We only got work done on the first goal. We got the basics tried quickly, sharing voice over Skype and control of the computer over join.me, rotating on four minutes with the idea that our "expert" would skip his driving turn if we were in middle of something where we'd just be stuck without him navigating. With Visual Studio, we soon learned the computer in question had not been set up for the solution we needed to work on. With a few clicks, that was done. So we went to find the branch with the new feature to be styled and run into our first problem. The branch was not visible on the computer in question. We tried connections, no luck. We installed git bash and gui, thinking we could perhaps bring the branches in from the command line. First time installation gave us git bash that kept crashing every time we'd start it, and after rebooting (no effect) we reinstalled. But looking at things from command line did not take us much further. We pinged in more senior developers, still no clue. So we changed computer.
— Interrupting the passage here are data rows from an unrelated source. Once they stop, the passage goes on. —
lemma picard_weighted_contraction:
  assumes "m \<le> \<rho>"
  obtains M where "\<And>l R. M < l \<Longrightarrow> weighted_contraction {0..R} m \<rho> (weight l) (M / l) (picard \<rho>)"
proof -
  obtain L where L: "L-lipschitz_on {m..\<rho>} (\<lambda>x. exp (f x))"
    using exp_f_lipschitz by blast
  let ?M = "outer_lipschitz_const m \<rho> L"
  have "0 \<le> ?M"
    using lipschitz_on_nonneg[OF L] by (rule outer_lipschitz_const_nonneg)
  have "weighted_contraction {0..R} m \<rho> (weight l) (?M / l) (picard \<rho>)" if "?M < l" for l R
  proof
    have "0 < l" using \<open>0 \<le> ?M\<close> that by simp
    then show "1 \<le> weight l s" if "s \<in> {0..R}" for s
      using weight_ge_1 that by simp
    show "bdd_above (weight l ` {0..R})"
      using weight_mono \<open>0 < l\<close> by (intro bdd_aboveI2[of _ _ "weight l R"]) auto
    show "0 \<le> ?M / l" "?M / l < 1"
      using \<open>0 \<le> ?M\<close> \<open>0 < l\<close> that by simp_all
    show "\<bar>picard \<rho> u s - picard \<rho> v s\<bar> \<le> ?M / l * D * weight l s"
      if "continuous_into {0..R} {m..\<rho>} u" "continuous_into {0..R} {m..\<rho>} v" "0 \<le> D"
        "\<forall>t\<in>{0..R}. \<bar>u t - v t\<bar> \<le> D * weight l t" "s \<in> {0..R}" for u v D s
      using picard_diff_le[OF L that(1,2) \<open>0 < l\<close> that(3-5)] .
  qed
  then show thesis
    using that by blast
qed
The starting setup on the second computer was faster, and we got to a point of Visual Studio and starting the application at about 40 minutes into our session. We started feeling the frustration of sharing the remote computer, as the feedback sluggishness of mouse movement made doing simple clicks harder than we're used to. We stopped the running application, synched the branch and went to run the application, only to see it crash at start. With theory of join.me and security settings, we turned off the sharing, no effect. So we decided to reboot the second computer too.

While waiting for reboot (it takes quite a while on Windows...) I asked my local colleague whose computer we tried using first if we could try one more thing - something I had suggested quite early on into the problem, something that should not be connected that was dismissed when I suggested it by the expert. We pulled latest of our integration branch and all of a sudden, the information of existing branches was available too. So by the time of reboot and reconnect, we had a working local environment.
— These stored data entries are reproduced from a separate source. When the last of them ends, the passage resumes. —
(* Let $n,d\in\mathbb N$ with $d<n$. For every continuous function $F:\mathscr C_d^n\to\mathbb R^d$ there exists $z\in\mathscr C_d^n$ with $F(z)=F(-z)$.
   Context: $\mathscr C_d^n=\{x\in[-1,1]^n:\ \text{there is }\sigma\subseteq\{1,\dots,n\}\text{ with }|\sigma|\ge n-d\text{ and }|x(i)|=1\ \forall i\in\sigma\}$, the union of all faces of the cube $[-1,1]^n$ of dimension at most $d$ (with the subspace topology). *)

theory Defs
  imports "HOL-Analysis.Analysis"
begin

text \<open>The union of all faces of dimension at most d of the cube [-1,1]^n,
  where n = CARD('n) is the dimension of the ambient space real^'n.\<close>
definition cube_skeleton :: "nat \<Rightarrow> (real^'n) set" where
  "cube_skeleton d = {x. (\<forall>i. \<bar>x $ i\<bar> \<le> 1) \<and>
      (\<exists>\<sigma>::'n set. card \<sigma> \<ge> CARD('n) - d \<and> (\<forall>i\<in>\<sigma>. \<bar>x $ i\<bar> = 1))}"

text \<open>R^d, realised inside the product space nat => real as the vectors
  vanishing from coordinate d on.\<close>
definition Rd :: "nat \<Rightarrow> (nat \<Rightarrow> real) set" where
  "Rd d = {y. \<forall>j\<ge>d. y j = 0}"

end

theory Submission
  imports Defs "HOL-Homology.Homology" "HOL-Computational_Algebra.Polynomial"
begin

text \<open>
  Fix distinct nodes \<open>t\<^sub>j\<close> indexed by the coordinates of \<open>real^'n\<close>. A point \<open>y\<close> of the
  \<open>d\<close>-sphere is the coefficient vector of a nonzero polynomial \<open>p\<^sub>y\<close> of degree at most \<open>d\<close>,
  which vanishes at no more than \<open>d\<close> nodes. By compactness there is an \<open>\<epsilon> > 0\<close> such that
  for every \<open>y\<close> at most \<open>d\<close> of the values \<open>p\<^sub>y(t\<^sub>j)\<close> are smaller than \<open>\<epsilon>\<close> in absolute
  value, so clamping \<open>p\<^sub>y(t\<^sub>j)/\<epsilon>\<close> to \<open>[-1,1]\<close> gives a continuous odd map \<open>E\<close> from the
  \<open>d\<close>-sphere to the \<open>d\<close>-skeleton of the cube. Borsuk--Ulam applied to
  \<open>y \<mapsto> F(E y) - F(E(-y))\<close> yields the antipodal pair.

  Borsuk--Ulam is derived from the fact that odd self-maps of spheres have odd degree mod 2.
  This is proved by induction on the dimension: an odd map is first homotoped (via polynomial
  approximation and Sard's lemma in a Euclidean model) to one missing a point on the equator,
  then rotated so that it misses the north pole there, and finally deformed so that it maps
  the equator to itself; for such maps Borsuk's step lemma says that the degrees on the sphere
  and on the equator agree mod 2.
\<close>

section \<open>Spheres in \<open>nat \<Rightarrow> real\<close>\<close>

abbreviation nsphere_points :: "nat \<Rightarrow> (nat \<Rightarrow> real) set" where
  "nsphere_points m \<equiv> topspace (nsphere m)"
Just before our remote expert could rejoin, we tried running the application, with the crash. We tried changing solution configurations between Development and Debug, and got a little further: login screen. But same error at login. The group was getting very amused with the luck we were having, and concluded that at least it was much nicer to be in this together than alone.
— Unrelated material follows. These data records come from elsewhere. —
(* Let $d\ge 1$, let $N\ge 1$ be an integer with $2N>d-2$, let $T>0$ and $0<\Lambda<T$. Then the gap-regularized truncated self-intersection local time $L^{(2N)}(\Lambda)$ belongs to $(S)^*$, and its chaos kernel functions are as follows: all kernels $F_{\mathbf m}$ with $\mathbf m$ having some odd component, or with $|\mathbf m|<2N$, vanish; and for $\mathbf m=2\mathbf n$ with $n=|\mathbf n|\ge N$, $$\varphi_{\Lambda,2\mathbf n}(u_1,\dots,u_{2n})=\varphi_{2\mathbf n}(u_1,\dots,u_{2n})-\Theta\big(\Lambda-(v-u)\big)\,\rho_{2\mathbf n}(u_1,\dots,u_{2n}),$$ where $$\rho_{2\mathbf n}(u_1,\dots,u_{2n}):=\int_{D}dt_1\,dt_2\;\psi_{2\mathbf n}(u_1,\dots,u_{2n};t_1,t_2),\qquad D=\{(t_1,t_2):\,0<t_1\le u,\ v\le t_2<T,\ t_2-t_1<\Lambda\}.$$ Consequently $L^{(2N)}-L^{(2N)}(\Lambda)$ has kernel functions $\Theta(\Lambda-(v-u))\rho_{2\mathbf n}$ ($n\ge N$), supported in $\{0<u<v<T,\ v-u<\Lambda\}$. Moreover, if $\Lambda<v$, $u<T-\Lambda$ and $v-u<\Lambda$, then for $d/2+n\neq 2$ $$\rho_{2\mathbf n}=\frac{(2\pi)^{-d/2}}{\mathbf n!}\Big(-\frac12\Big)^n\frac{1}{d/2+n-1}\left(\frac{(v-u)^{-d/2-n+2}-\Lambda^{-d/2-n+2}}{d/2+n-2}+(v-u-\Lambda)\Lambda^{-d/2-n+1}\right),$$ and for $d=2$, $n=1$ $$\rho_{2}(u_1,u_2)=\frac{1}{4\pi}\left(\ln(v-u)-\ln\Lambda+\frac{\Lambda-v+u}{\Lambda}\right).$$
   Context: Fix $d\ge1$, $T>0$. Let $\mu$ be the ($d$-dimensional) white noise measure on $S^*(\mathbb R,\mathbb R^d)$, i.e. $\int e^{i\langle\omega,\mathbf f\rangle}d\mu(\omega)=e^{-\frac12\langle\mathbf f,\mathbf f\rangle}$ for $\mathbf f=(f_1,\dots,f_d)\in S(\mathbb R,\mathbb R^d)$, with $\langle\mathbf f,\mathbf f\rangle=\sum_i\int f_i^2$, and $\mathbf B(t)=\langle\omega,1\!\!1_{[0,t]}\rangle$ the resulting $d$-dimensional Brownian motion. $(L^2)=L^2(\mu)$, and $(S)\subset(L^2)\subset(S)^*$ is the Hida Gel'fand triple. The S-transform of $\Phi\in(S)^*$ is $(S\Phi)(\mathbf f)=\langle\!\langle\Phi,:\exp\langle\cdot,\mathbf f\rangle:\rangle\!\rangle$ with $:\exp\langle\omega,\mathbf f\rangle:=e^{-\frac12\langle\mathbf f,\mathbf f\rangle}e^{\langle\omega,\mathbf f\rangle}$. Multi-index notation: $\mathbf m=(m_1,\dots,m_d)\in\mathbb N_0^d$, $|\mathbf m|=\sum m_i$, $\mathbf m!=\prod m_i!$; for $\mathbf n$ we write $n=|\mathbf n|$. The kernel functions (chaos kernels) $F_{\mathbf m}$ of $\Phi$ are defined by $(S\Phi)(\mathbf f)=\sum_{\mathbf m}\int F_{\mathbf m}(t_1,\dots,t_{|\mathbf m|})\bigotimes_{i=1}^d f_i^{\otimes m_i}(t_1,\dots,t_{|\mathbf m|})\,d^{|\mathbf m|}t$; for $\Phi\in(L^2)$, $\|\Phi\|^2_{(L^2)}=\sum_{\mathbf m}\mathbf m!\,\|F_{\mathbf m}\|^2_{L^2}$. For $\Phi\in(S)^*$, $\Phi^{(k)}$ denotes the projection keeping only the kernels with $|\mathbf m|\ge k$. For $0<t_1<t_2$, the Donsker delta $\delta(\mathbf B(t_2)-\mathbf B(t_1))\in(S)^*$ has vanishing kernels for multi-indices with an odd component, and for $\mathbf m=2\mathbf n$ its kernel is $$\psi_{2\mathbf n}(u_1,\dots,u_{2n};t_1,t_2)=\frac{1}{\mathbf n!}(2\pi)^{-d/2}(t_2-t_1)^{-\frac d2-n}\Big(-\frac12\Big)^n\prod_{k=1}^{2n}1\!\!1_{[t_1,t_2]}(u_k).$$ For $2N>d-2$ the truncated self-intersection local time is $L^{(2N)}=\int_{0<t_1<t_2<T}\delta^{(2N)}(\mathbf B(t_2)-\mathbf B(t_1))\,dt_1dt_2\in(S)^*$, with kernels $\varphi_{2\mathbf n}(u_1,\dots,u_{2n})=\int_{0<t_1<t_2<T}\psi_{2\mathbf n}(u_1,\dots,u_{2n};t_1,t_2)\,dt_1dt_2$ for $n\ge N$ (and zero otherwise). For $\Lambda>0$ the gap-regularized version is $L^{(2N)}(\Lambda)=\int_{0<t_1<t_2<T,\ t_2-t_1>\Lambda}\delta^{(2N)}(\mathbf B(t_2)-\mathbf B(t_1))\,dt_1dt_2$. Throughout, $u=\min(u_1,\dots,u_{2n})$, $v=\max(u_1,\dots,u_{2n})$, and $\Theta$ is the indicator function of the positive half line. *)

theory Defs
  imports "HOL-Analysis.Analysis"
begin

text \<open>
  A multi-index is a function m :: nat => nat supported in {..<d}
  (component i of the multi-index is m i, i < d).  A Hida distribution is
  represented by its family of chaos kernels: for every multi-index m a
  kernel function F_m on R^|m| (points of R^|m| are x :: nat => real, only
  the coordinates x 0, ..., x (|m|-1) matter).
\<close>

type_synonym kernels = "(nat \<Rightarrow> nat) \<Rightarrow> (nat \<Rightarrow> real) \<Rightarrow> real"

definition multi_indices :: "nat \<Rightarrow> (nat \<Rightarrow> nat) set" where
  "multi_indices d = {m. \<forall>i\<ge>d. m i = 0}"

definition mabs :: "nat \<Rightarrow> (nat \<Rightarrow> nat) \<Rightarrow> nat" where
  "mabs d m = (\<Sum>i<d. m i)"

definition mfact :: "nat \<Rightarrow> (nat \<Rightarrow> nat) \<Rightarrow> real" where
  "mfact d m = (\<Prod>i<d. fact (m i))"

text \<open>u = min and v = max of the first k variables.\<close>
definition kmin :: "nat \<Rightarrow> (nat \<Rightarrow> real) \<Rightarrow> real" where
  "kmin k x = Min (x ` {..<k})"

definition kmax :: "nat \<Rightarrow> (nat \<Rightarrow> real) \<Rightarrow> real" where
  "kmax k x = Max (x ` {..<k})"

definition Theta :: "real \<Rightarrow> real" where
  "Theta x = (if x > 0 then 1 else 0)"

text \<open>Physicists' Hermite polynomials and the Hermite functions
  (orthonormal basis of L^2(R), eigenfunctions of A = -D^2 + x^2 + 1 with
  eigenvalues 2k+2).\<close>
fun hermite_poly :: "nat \<Rightarrow> real \<Rightarrow> real" where
  "hermite_poly 0 x = 1"
| "hermite_poly (Suc 0) x = 2 * x"
| "hermite_poly (Suc (Suc k)) x =
     2 * x * hermite_poly (Suc k) x - 2 * real (Suc k) * hermite_poly k x"

definition hermite_fun :: "nat \<Rightarrow> real \<Rightarrow> real" where
  "hermite_fun k x = hermite_poly k x * exp (- (x\<^sup>2) / 2)
                      / sqrt (2 ^ k * fact k * sqrt pi)"

definition herm_test :: "nat \<Rightarrow> (nat \<Rightarrow> nat) \<Rightarrow> (nat \<Rightarrow> real) \<Rightarrow> real" where
  "herm_test n \<kappa> x = (\<Prod>j<n. hermite_fun (\<kappa> j) (x j))"

definition herm_coeff :: "nat \<Rightarrow> ((nat \<Rightarrow> real) \<Rightarrow> real) \<Rightarrow> (nat \<Rightarrow> nat) \<Rightarrow> real" where
  "herm_coeff n F \<kappa> = (LINT x | PiM {..<n} (\<lambda>_. lborel). F x * herm_test n \<kappa> x)"

definition neg_norm2 :: "nat \<Rightarrow> nat \<Rightarrow> ((nat \<Rightarrow> real) \<Rightarrow> real) \<Rightarrow> ennreal" where
  "neg_norm2 p n F =
     (\<integral>\<^sup>+ \<kappa>. ennreal ((\<Prod>j<n. 1 / (2 * real (\<kappa> j) + 2) ^ (2 * p)) * (herm_coeff n F \<kappa>)\<^sup>2)
        \<partial>count_space (PiE {..<n} (\<lambda>_. UNIV)))"

definition hida_dist :: "nat \<Rightarrow> kernels \<Rightarrow> bool" where
  "hida_dist d \<Phi> \<longleftrightarrow>
     (\<forall>m. m \<notin> multi_indices d \<longrightarrow> (\<forall>x. \<Phi> m x = 0)) \<and>
     (\<forall>m \<in> multi_indices d. \<forall>\<kappa>.
        integrable (PiM {..<mabs d m} (\<lambda>_. lborel)) (\<lambda>x. \<Phi> m x * herm_test (mabs d m) \<kappa> x)) \<and>
     (\<exists>p::nat. (\<integral>\<^sup>+ m. ennreal (mfact d m) * neg_norm2 p (mabs d m) (\<Phi> m)
                     \<partial>count_space (multi_indices d)) < \<infinity>)"

text \<open>Kernel psi_{2n}(u_1..u_{2n}; t1, t2) of delta(B(t2)-B(t1)), indexed
  by the half multi-index n.\<close>
definition psi :: "nat \<Rightarrow> (nat \<Rightarrow> nat) \<Rightarrow> real \<Rightarrow> real \<Rightarrow> (nat \<Rightarrow> real) \<Rightarrow> real" where
  "psi d n t1 t2 x =
     (1 / mfact d n) * (2 * pi) powr (- (real d / 2))
     * (t2 - t1) powr (- (real d / 2) - real (mabs d n)) * (- 1 / 2) ^ (mabs d n)
     * (\<Prod>k<2 * mabs d n. indicator {t1..t2} (x k))"

definition delta_trunc :: "nat \<Rightarrow> nat \<Rightarrow> real \<Rightarrow> real \<Rightarrow> kernels" where
  "delta_trunc d N t1 t2 m x =
     (if m \<in> multi_indices d \<and> (\<forall>i. even (m i)) \<and> mabs d m \<ge> 2 * N
      then psi d (\<lambda>i. m i div 2) t1 t2 x else 0)"

definition hida_integral :: "(real \<times> real) set \<Rightarrow> (real \<times> real \<Rightarrow> kernels) \<Rightarrow> kernels" where
  "hida_integral A \<Phi> = (\<lambda>m x. LINT t : A | lborel. \<Phi> t m x)"

definition SILT :: "nat \<Rightarrow> nat \<Rightarrow> real \<Rightarrow> kernels" where
  "SILT d N T = hida_integral {(t1, t2). 0 < t1 \<and> t1 < t2 \<and> t2 < T}
                   (\<lambda>(t1, t2). delta_trunc d N t1 t2)"

definition SILT_gap :: "nat \<Rightarrow> nat \<Rightarrow> real \<Rightarrow> real \<Rightarrow> kernels" where
  "SILT_gap d N T \<Lambda> = hida_integral {(t1, t2). 0 < t1 \<and> t1 < t2 \<and> t2 < T \<and> t2 - t1 > \<Lambda>}
                   (\<lambda>(t1, t2). delta_trunc d N t1 t2)"

definition rho :: "nat \<Rightarrow> real \<Rightarrow> real \<Rightarrow> (nat \<Rightarrow> nat) \<Rightarrow> (nat \<Rightarrow> real) \<Rightarrow> real" where
  "rho d T \<Lambda> n x =
     (LINT t : {(t1, t2). 0 < t1 \<and> t1 \<le> kmin (2 * mabs d n) x \<and> kmax (2 * mabs d n) x \<le> t2
                         \<and> t2 < T \<and> t2 - t1 < \<Lambda>} | lborel.
        psi d n (fst t) (snd t) x)"

end

theory Submission
  imports Defs "HOL-Probability.Distributions" "HOL-Real_Asymp.Real_Asymp"
begin

text \<open>
  For the even multi-index \<open>2n\<close> the kernel \<open>\<psi>\<close> of \<open>\<delta>(B(t\<^sub>2) - B(t\<^sub>1))\<close> equals
  \<open>C\<^sub>n (t\<^sub>2 - t\<^sub>1)\<^sup>-\<^sup>\<alpha>\<close>, \<open>\<alpha> = d/2 + |n|\<close>, on \<open>{t\<^sub>1 \<le> u, v \<le> t\<^sub>2}\<close> and vanishes elsewhere. Cutting the
  gap region out of the time simplex therefore removes exactly the integral over \<open>D\<close> when
  \<open>v - u < \<Lambda>\<close> (up to the null line \<open>t\<^sub>2 - t\<^sub>1 = \<Lambda>\<close>) and nothing otherwise, and \<open>\<rho>\<close> is computed by
  Fubini and two elementary antiderivatives.

  On the gap region \<open>(t\<^sub>2 - t\<^sub>1)\<^sup>-\<^sup>\<alpha> \<le> \<Lambda>\<^sup>-\<^sup>\<alpha>\<close>, so the \<open>2n\<close>-kernel of \<open>L\<^sup>(\<^sup>2\<^sup>N\<^sup>)(\<Lambda>)\<close> is bounded by a
  constant times \<open>(2\<Lambda>)\<^sup>-\<^sup>|\<^sup>n\<^sup>| / n!\<close> on \<open>[0, T]\<^sup>2\<^sup>|\<^sup>n\<^sup>|\<close>. Every Hermite function has \<open>\<integral>\<^sub>0\<^sup>T |h\<^sub>k| \<le> (T + 1)/2\<close>, so the
  Hermite coefficients of that kernel are at most the same bound times \<open>((T + 1)/2)\<^sup>2\<^sup>|\<^sup>n\<^sup>|\<close>, while the
  weights \<open>(2\<kappa> + 2)\<^sup>-\<^sup>2\<^sup>p\<close> of the \<open>S\<^sub>-\<^sub>p\<close> norm sum to \<open>O(4\<^sup>-\<^sup>p)\<close>. Together with \<open>(2n)! \<le> 4\<^sup>|\<^sup>n\<^sup>| (n!)\<^sup>2\<close>,
  a large \<open>p\<close> makes the series for the \<open>(S)\<^sub>-\<^sub>p\<close> norm geometric.
\<close>

section \<open>Hermite functions\<close>

lemma hermite_poly_Suc:
  "hermite_poly (Suc k) x = 2 * x * hermite_poly k x - 2 * real k * hermite_poly (k - 1) x"
  by (cases k) auto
We called in yet another senior, to confirm our theory: the new feature relied on database changes that were available only in the developer's personal database. At 1,5 hours, we decided to call this session done and leave the second goal for next session, by which time we'd get the database changes in a common environment too.

A few observations of this session:
  • The first goal turned out to be more complicated than we expected. No one, be it "code newbie", "style expert" or "senior developer / architect" had an immediate answer. Trying and googling were key. 
  • If we would have tried the unlikely idea when it was presented instead of dismissing it, we would have saved 20 minutes. As a "code newbie", sometimes getting heard can be difficult. 
  • Getting stuck and unstuck together seemed more efficient. Alone we would have just left it waiting for the "senior developer / architect" to hunt down an answer he did not have when we invited him - research needed. Together, we worked through the first problem and even managed to solve it. Surely, we could have done something else in the meanwhile. Like read the news.
  • Minimizing the remoteness so that the one that must be remote is but the rest rotate locally seems a good idea with the connection sluggishness.
  • We could improve from  here: the one test that fails the continuous delivery when the application doesn't start would be great for things like this.